[Records from a data collection]
(* Let $\Psi$ be a well-formed declarative context and suppose $\Psi\vdash e\Rightarrow A$. Then: (i) if $\Psi,x:A\vdash e'\Leftarrow C$ then $\Psi\vdash[e/x]e'\Leftarrow C$; (ii) if $\Psi,x:A\vdash e'\Rightarrow C$ then $\Psi\vdash[e/x]e'\Rightarrow C$; (iii) if $\Psi,x:A\vdash e'\bullet B\Rightarrow\!\!\Rightarrow C$ then $\Psi\vdash[e/x]e'\bullet B\Rightarrow\!\!\Rightarrow C$.
   Context: Types $A,B,C ::= 1\mid\alpha\mid\forall\alpha.A\mid A\to B$; monotypes $\sigma,\tau ::= 1\mid\alpha\mid\sigma\to\tau$; declarative contexts $\Psi ::= \cdot\mid\Psi,\alpha\mid\Psi,x:A$. Well-formedness $\Psi\vdash A$: all type variables of $A$ are bound or declared in $\Psi$. Declarative subtyping $\Psi\vdash A\le B$: least relation with $\alpha\in\Psi\Rightarrow\Psi\vdash\alpha\le\alpha$; $\Psi\vdash1\le1$; ($\Psi\vdash B_1\le A_1$, $\Psi\vdash A_2\le B_2$) $\Rightarrow\Psi\vdash A_1\to A_2\le B_1\to B_2$; ($\Psi\vdash\tau$ monotype, $\Psi\vdash[\tau/\alpha]A\le B$) $\Rightarrow\Psi\vdash\forall\alpha.A\le B$; $\Psi,\beta\vdash A\le B\Rightarrow\Psi\vdash A\le\forall\beta.B$. Terms $e ::= x\mid()\mid\lambda x.e\mid e_1\,e_2\mid(e:A)$; $[e/x]e'$ is capture-avoiding substitution of terms. Declarative bidirectional judgments (checking $\Leftarrow$, synthesis $\Rightarrow$, application $e\bullet A\Rightarrow\!\!\Rightarrow C$) are defined mutually by: $(x:A)\in\Psi\Rightarrow\Psi\vdash x\Rightarrow A$; ($\Psi\vdash e\Rightarrow A$, $\Psi\vdash A\le B$) $\Rightarrow\Psi\vdash e\Leftarrow B$; ($\Psi\vdash A$, $\Psi\vdash e\Leftarrow A$) $\Rightarrow\Psi\vdash(e:A)\Rightarrow A$; $\Psi\vdash()\Leftarrow1$; $\Psi\vdash()\Rightarrow1$; $\Psi,\alpha\vdash e\Leftarrow A\Rightarrow\Psi\vdash e\Leftarrow\forall\alpha.A$; ($\Psi\vdash\tau$ monotype, $\Psi\vdash e\bullet[\tau/\alpha]A\Rightarrow\!\!\Rightarrow C$) $\Rightarrow\Psi\vdash e\bullet\forall\alpha.A\Rightarrow\!\!\Rightarrow C$; $\Psi,x:A\vdash e\Leftarrow B\Rightarrow\Psi\vdash\lambda x.e\Leftarrow A\to B$; ($\Psi\vdash\sigma\to\tau$ monotypes, $\Psi,x:\sigma\vdash e\Leftarrow\tau$) $\Rightarrow\Psi\vdash\lambda x.e\Rightarrow\sigma\to\tau$; ($\Psi\vdash e_1\Rightarrow A$, $\Psi\vdash e_2\bullet A\Rightarrow\!\!\Rightarrow C$) $\Rightarrow\Psi\vdash e_1\,e_2\Rightarrow C$; $\Psi\vdash e\Leftarrow A\Rightarrow\Psi\vdash e\bullet A\to C\Rightarrow\!\!\Rightarrow C$. *)

theory Defs
  imports Main
begin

* _Work to be completed_
Every line from the one that contains "Context: Types $A,B,C" down to and including the last line of the records above must be set down exactly, with nothing else.

* _Your response_
   Context: Types $A,B,C ::= 1\mid\alpha\mid\forall\alpha.A\mid A\to B$; monotypes $\sigma,\tau ::= 1\mid\alpha\mid\sigma\to\tau$; declarative contexts $\Psi ::= \cdot\mid\Psi,\alpha\mid\Psi,x:A$. Well-formedness $\Psi\vdash A$: all type variables of $A$ are bound or declared in $\Psi$. Declarative subtyping $\Psi\vdash A\le B$: least relation with $\alpha\in\Psi\Rightarrow\Psi\vdash\alpha\le\alpha$; $\Psi\vdash1\le1$; ($\Psi\vdash B_1\le A_1$, $\Psi\vdash A_2\le B_2$) $\Rightarrow\Psi\vdash A_1\to A_2\le B_1\to B_2$; ($\Psi\vdash\tau$ monotype, $\Psi\vdash[\tau/\alpha]A\le B$) $\Rightarrow\Psi\vdash\forall\alpha.A\le B$; $\Psi,\beta\vdash A\le B\Rightarrow\Psi\vdash A\le\forall\beta.B$. Terms $e ::= x\mid()\mid\lambda x.e\mid e_1\,e_2\mid(e:A)$; $[e/x]e'$ is capture-avoiding substitution of terms. Declarative bidirectional judgments (checking $\Leftarrow$, synthesis $\Rightarrow$, application $e\bullet A\Rightarrow\!\!\Rightarrow C$) are defined mutually by: $(x:A)\in\Psi\Rightarrow\Psi\vdash x\Rightarrow A$; ($\Psi\vdash e\Rightarrow A$, $\Psi\vdash A\le B$) $\Rightarrow\Psi\vdash e\Leftarrow B$; ($\Psi\vdash A$, $\Psi\vdash e\Leftarrow A$) $\Rightarrow\Psi\vdash(e:A)\Rightarrow A$; $\Psi\vdash()\Leftarrow1$; $\Psi\vdash()\Rightarrow1$; $\Psi,\alpha\vdash e\Leftarrow A\Rightarrow\Psi\vdash e\Leftarrow\forall\alpha.A$; ($\Psi\vdash\tau$ monotype, $\Psi\vdash e\bullet[\tau/\alpha]A\Rightarrow\!\!\Rightarrow C$) $\Rightarrow\Psi\vdash e\bullet\forall\alpha.A\Rightarrow\!\!\Rightarrow C$; $\Psi,x:A\vdash e\Leftarrow B\Rightarrow\Psi\vdash\lambda x.e\Leftarrow A\to B$; ($\Psi\vdash\sigma\to\tau$ monotypes, $\Psi,x:\sigma\vdash e\Leftarrow\tau$) $\Rightarrow\Psi\vdash\lambda x.e\Rightarrow\sigma\to\tau$; ($\Psi\vdash e_1\Rightarrow A$, $\Psi\vdash e_2\bullet A\Rightarrow\!\!\Rightarrow C$) $\Rightarrow\Psi\vdash e_1\,e_2\Rightarrow C$; $\Psi\vdash e\Leftarrow A\Rightarrow\Psi\vdash e\bullet A\to C\Rightarrow\!\!\Rightarrow C$. *)

theory Defs
  imports Main
begin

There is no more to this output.